[[ Supplied material, beginning ]]

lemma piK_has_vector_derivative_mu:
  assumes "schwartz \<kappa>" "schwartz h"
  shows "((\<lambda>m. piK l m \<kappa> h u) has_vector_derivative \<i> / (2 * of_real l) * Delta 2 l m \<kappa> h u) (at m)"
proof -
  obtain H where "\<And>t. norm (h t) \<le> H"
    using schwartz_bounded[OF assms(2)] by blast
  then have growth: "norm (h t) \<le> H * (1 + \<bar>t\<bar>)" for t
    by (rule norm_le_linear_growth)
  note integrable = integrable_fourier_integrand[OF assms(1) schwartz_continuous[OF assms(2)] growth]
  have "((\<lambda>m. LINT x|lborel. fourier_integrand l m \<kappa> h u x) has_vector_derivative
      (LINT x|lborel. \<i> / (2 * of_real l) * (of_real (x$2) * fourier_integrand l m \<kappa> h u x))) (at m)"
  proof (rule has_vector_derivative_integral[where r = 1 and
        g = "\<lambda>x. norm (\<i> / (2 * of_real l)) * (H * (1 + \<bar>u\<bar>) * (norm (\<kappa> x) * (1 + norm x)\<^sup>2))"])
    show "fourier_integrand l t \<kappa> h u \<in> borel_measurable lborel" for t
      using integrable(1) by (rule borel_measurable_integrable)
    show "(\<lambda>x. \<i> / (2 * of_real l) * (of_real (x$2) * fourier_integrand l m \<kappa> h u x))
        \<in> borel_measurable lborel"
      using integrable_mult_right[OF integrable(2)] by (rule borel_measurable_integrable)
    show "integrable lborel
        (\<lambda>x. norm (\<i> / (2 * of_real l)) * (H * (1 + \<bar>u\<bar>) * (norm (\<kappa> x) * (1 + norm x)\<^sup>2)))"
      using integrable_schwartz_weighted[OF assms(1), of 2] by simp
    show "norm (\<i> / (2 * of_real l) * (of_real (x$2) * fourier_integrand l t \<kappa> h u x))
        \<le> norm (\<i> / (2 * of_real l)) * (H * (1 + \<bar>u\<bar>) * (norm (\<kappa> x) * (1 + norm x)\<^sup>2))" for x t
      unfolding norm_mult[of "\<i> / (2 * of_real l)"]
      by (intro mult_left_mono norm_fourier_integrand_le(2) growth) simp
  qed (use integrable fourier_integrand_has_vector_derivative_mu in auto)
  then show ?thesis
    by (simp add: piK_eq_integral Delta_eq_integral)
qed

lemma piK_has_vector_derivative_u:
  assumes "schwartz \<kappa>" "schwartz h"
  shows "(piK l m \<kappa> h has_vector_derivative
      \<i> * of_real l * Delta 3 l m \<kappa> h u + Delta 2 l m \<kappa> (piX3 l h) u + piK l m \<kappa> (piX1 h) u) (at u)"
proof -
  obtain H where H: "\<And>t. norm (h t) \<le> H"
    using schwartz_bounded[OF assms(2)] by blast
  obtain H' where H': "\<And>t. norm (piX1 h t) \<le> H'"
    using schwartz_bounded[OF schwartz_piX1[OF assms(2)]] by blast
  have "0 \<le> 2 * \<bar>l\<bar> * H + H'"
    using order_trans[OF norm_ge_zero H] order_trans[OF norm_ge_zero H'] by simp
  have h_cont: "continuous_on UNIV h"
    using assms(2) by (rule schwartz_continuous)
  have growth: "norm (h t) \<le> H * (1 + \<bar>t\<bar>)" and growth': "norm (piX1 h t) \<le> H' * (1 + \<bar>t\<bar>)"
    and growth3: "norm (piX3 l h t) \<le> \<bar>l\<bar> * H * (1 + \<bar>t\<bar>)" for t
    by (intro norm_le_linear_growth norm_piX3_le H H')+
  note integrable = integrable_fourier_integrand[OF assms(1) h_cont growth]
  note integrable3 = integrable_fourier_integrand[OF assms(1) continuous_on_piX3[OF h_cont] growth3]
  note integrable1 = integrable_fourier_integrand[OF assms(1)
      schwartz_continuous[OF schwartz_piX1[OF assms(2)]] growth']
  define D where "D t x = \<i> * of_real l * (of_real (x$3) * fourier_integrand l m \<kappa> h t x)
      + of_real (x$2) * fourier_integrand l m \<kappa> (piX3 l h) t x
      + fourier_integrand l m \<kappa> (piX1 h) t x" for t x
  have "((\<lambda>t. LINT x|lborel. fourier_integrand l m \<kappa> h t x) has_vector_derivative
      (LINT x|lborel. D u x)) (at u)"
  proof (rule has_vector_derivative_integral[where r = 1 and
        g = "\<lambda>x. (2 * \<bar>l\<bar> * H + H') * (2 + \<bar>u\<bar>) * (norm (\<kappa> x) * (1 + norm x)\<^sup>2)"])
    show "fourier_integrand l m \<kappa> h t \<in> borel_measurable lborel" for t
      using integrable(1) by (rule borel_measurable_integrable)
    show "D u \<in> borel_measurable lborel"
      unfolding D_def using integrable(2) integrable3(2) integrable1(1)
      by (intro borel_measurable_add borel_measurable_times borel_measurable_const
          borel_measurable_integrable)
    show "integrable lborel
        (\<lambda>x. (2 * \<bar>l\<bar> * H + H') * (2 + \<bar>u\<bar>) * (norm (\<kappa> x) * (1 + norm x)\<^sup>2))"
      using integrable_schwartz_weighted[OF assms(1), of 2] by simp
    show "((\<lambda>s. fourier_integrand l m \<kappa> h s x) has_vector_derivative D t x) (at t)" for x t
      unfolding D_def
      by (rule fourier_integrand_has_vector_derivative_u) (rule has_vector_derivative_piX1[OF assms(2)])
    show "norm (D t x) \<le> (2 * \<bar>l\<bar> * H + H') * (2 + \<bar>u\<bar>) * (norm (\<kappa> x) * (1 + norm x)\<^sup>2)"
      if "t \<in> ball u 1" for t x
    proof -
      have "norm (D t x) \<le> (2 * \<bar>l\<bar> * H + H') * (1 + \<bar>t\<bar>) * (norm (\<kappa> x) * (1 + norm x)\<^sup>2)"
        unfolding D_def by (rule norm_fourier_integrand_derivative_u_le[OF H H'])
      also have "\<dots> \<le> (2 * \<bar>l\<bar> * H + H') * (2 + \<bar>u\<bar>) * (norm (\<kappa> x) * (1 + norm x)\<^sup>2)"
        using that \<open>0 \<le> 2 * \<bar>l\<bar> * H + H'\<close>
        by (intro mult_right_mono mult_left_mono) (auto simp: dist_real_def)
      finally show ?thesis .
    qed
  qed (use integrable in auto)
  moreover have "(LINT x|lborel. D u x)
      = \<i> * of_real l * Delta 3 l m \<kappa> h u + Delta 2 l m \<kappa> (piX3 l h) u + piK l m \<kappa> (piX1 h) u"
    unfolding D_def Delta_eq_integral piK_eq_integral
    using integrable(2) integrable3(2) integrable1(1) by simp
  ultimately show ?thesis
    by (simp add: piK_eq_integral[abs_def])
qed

[[ Supplied material, end ]]
[[ Supplied material, beginning ]]

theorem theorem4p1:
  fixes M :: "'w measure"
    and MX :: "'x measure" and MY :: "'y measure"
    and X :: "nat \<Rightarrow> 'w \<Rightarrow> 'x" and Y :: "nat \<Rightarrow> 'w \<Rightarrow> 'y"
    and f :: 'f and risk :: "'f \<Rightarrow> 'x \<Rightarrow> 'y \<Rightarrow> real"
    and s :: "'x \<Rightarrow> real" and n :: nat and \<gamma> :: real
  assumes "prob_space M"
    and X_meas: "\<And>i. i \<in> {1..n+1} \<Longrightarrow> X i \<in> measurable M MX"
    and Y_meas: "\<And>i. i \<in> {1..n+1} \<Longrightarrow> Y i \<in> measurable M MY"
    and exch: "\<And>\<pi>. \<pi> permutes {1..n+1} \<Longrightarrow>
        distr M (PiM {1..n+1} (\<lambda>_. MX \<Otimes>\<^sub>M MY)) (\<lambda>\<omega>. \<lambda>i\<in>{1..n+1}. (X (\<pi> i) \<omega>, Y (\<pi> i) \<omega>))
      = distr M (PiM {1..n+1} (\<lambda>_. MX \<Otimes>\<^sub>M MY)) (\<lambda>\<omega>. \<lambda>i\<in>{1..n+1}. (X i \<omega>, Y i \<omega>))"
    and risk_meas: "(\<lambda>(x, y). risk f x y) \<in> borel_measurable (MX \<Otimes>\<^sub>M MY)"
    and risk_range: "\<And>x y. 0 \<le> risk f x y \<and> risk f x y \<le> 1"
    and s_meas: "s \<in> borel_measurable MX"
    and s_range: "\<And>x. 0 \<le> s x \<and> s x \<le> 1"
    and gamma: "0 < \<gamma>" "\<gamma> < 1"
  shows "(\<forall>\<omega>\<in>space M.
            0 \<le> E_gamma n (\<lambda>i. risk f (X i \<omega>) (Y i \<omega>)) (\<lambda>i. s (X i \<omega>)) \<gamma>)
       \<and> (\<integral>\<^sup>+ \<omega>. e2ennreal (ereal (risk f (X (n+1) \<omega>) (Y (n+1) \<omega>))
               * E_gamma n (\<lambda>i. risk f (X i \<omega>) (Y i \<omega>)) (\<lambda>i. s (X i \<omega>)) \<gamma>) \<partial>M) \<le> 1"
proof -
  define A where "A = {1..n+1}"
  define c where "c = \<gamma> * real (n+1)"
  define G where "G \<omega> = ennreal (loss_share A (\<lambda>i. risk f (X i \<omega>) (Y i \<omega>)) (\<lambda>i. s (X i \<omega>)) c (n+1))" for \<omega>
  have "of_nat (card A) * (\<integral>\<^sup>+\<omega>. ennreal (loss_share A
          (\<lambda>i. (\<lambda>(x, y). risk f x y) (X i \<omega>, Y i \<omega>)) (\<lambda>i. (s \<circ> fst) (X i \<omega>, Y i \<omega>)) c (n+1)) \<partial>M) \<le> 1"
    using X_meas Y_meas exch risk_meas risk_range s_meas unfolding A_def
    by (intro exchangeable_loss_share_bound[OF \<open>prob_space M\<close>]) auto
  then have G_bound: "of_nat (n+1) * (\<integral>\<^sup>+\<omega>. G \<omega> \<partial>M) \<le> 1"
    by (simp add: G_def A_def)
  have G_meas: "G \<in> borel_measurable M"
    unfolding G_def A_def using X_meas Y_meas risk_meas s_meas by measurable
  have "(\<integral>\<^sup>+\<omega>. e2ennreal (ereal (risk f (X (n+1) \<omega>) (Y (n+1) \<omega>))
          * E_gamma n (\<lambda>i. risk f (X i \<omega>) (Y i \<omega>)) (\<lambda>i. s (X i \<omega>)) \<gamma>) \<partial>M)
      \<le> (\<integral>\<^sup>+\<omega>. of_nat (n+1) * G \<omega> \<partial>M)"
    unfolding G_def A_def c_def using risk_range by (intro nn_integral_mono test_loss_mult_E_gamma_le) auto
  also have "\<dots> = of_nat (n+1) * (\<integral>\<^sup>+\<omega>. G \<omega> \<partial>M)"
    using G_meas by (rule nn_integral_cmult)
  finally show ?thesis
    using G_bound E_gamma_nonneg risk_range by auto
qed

[[ Supplied material, end ]]
[[ Supplied material, beginning ]]

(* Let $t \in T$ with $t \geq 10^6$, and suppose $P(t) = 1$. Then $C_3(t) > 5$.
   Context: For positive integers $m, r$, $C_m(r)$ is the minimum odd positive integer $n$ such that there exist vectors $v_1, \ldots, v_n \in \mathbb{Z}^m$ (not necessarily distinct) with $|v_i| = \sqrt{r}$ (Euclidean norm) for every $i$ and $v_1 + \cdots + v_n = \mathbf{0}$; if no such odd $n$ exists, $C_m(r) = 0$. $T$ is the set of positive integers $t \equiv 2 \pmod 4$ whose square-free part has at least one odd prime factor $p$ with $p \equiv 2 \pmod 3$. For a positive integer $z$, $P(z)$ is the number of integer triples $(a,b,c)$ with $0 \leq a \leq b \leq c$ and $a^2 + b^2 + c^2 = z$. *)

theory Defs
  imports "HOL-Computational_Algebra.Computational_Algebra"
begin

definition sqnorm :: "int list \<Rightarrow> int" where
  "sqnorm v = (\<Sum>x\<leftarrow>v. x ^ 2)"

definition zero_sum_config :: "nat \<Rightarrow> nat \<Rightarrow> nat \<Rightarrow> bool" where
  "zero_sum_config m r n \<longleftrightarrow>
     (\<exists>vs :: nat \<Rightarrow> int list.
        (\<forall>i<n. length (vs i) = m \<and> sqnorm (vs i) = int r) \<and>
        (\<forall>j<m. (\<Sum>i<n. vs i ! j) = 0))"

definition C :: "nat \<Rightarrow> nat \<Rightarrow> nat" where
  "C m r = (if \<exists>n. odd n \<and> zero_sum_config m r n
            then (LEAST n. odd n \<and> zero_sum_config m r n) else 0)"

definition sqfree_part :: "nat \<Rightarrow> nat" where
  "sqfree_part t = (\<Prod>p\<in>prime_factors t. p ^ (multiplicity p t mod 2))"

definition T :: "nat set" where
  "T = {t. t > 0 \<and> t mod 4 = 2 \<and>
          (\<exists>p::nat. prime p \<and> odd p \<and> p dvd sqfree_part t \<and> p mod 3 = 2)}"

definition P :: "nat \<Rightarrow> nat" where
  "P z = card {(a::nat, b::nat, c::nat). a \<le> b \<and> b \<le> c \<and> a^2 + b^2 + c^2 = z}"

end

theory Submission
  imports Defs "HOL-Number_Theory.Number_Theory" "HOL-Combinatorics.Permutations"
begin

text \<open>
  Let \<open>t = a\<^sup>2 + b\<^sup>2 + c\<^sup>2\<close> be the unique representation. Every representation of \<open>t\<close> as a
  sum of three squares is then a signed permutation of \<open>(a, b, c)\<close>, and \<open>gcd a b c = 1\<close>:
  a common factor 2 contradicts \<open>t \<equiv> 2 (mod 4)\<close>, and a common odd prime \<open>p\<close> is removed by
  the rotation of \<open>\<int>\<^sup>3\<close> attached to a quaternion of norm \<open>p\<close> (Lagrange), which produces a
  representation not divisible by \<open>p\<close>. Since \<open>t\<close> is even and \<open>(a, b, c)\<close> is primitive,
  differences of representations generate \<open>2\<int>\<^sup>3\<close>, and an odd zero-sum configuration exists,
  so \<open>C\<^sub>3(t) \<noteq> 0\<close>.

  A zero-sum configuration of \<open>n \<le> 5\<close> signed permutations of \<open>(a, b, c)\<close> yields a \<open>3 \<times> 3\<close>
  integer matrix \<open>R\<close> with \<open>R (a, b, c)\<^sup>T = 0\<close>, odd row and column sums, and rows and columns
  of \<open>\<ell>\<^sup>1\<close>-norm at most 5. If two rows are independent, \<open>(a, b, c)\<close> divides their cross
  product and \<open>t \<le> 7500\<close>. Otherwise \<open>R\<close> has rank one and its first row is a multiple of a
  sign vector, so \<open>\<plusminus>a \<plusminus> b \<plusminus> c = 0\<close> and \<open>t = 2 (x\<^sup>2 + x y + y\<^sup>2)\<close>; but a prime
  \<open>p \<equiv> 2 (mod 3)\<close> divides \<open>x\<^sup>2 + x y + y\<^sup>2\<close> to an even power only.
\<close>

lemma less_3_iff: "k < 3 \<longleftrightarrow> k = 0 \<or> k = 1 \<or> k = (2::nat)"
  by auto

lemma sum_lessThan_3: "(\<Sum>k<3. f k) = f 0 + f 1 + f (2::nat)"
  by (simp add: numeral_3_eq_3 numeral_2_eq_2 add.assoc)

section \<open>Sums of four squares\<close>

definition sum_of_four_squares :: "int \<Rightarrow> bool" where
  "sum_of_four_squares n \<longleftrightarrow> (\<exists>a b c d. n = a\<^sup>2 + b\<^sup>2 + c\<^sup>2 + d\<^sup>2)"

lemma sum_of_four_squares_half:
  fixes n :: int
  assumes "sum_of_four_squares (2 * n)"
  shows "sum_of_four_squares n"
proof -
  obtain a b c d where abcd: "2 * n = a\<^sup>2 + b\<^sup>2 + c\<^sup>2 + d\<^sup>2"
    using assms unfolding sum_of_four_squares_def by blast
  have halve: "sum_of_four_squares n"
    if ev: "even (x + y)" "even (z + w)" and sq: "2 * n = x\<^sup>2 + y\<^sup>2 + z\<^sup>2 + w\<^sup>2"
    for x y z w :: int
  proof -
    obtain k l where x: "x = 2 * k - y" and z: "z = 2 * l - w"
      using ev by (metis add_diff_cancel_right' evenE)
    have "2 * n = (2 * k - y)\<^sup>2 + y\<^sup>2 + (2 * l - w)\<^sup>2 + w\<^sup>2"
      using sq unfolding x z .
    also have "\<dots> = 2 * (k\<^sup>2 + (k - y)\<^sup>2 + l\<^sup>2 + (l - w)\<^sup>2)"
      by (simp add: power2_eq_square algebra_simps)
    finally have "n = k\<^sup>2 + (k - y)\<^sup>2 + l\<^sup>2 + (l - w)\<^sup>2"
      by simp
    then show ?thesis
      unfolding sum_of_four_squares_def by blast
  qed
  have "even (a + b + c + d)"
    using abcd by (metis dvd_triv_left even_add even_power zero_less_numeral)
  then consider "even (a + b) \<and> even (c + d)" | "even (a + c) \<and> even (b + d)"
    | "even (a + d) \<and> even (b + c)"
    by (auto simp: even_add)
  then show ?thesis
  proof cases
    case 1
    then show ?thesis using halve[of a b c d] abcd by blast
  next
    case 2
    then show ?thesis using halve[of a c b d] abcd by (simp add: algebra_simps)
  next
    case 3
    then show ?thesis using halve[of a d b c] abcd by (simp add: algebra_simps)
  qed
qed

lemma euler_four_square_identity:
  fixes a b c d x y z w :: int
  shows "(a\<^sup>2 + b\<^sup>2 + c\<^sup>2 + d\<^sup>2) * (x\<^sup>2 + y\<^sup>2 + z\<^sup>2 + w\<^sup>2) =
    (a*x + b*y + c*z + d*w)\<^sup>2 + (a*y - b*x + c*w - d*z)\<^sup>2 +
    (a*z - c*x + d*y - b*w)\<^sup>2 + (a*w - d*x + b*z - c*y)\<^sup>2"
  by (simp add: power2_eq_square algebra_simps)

[[ Supplied material, end ]]

| Your assignment |
From the entries above, write out only the lines starting at the line that holds "m \<kappa> h has_vector_derivative" and ending at the line that holds "using assms(2) by", keeping both and matching them exactly.

| Output of the task |
  shows "(piK l m \<kappa> h has_vector_derivative
      \<i> * of_real l * Delta 3 l m \<kappa> h u + Delta 2 l m \<kappa> (piX3 l h) u + piK l m \<kappa> (piX1 h) u) (at u)"
proof -
  obtain H where H: "\<And>t. norm (h t) \<le> H"
    using schwartz_bounded[OF assms(2)] by blast
  obtain H' where H': "\<And>t. norm (piX1 h t) \<le> H'"
    using schwartz_bounded[OF schwartz_piX1[OF assms(2)]] by blast
  have "0 \<le> 2 * \<bar>l\<bar> * H + H'"
    using order_trans[OF norm_ge_zero H] order_trans[OF norm_ge_zero H'] by simp
  have h_cont: "continuous_on UNIV h"
    using assms(2) by (rule schwartz_continuous)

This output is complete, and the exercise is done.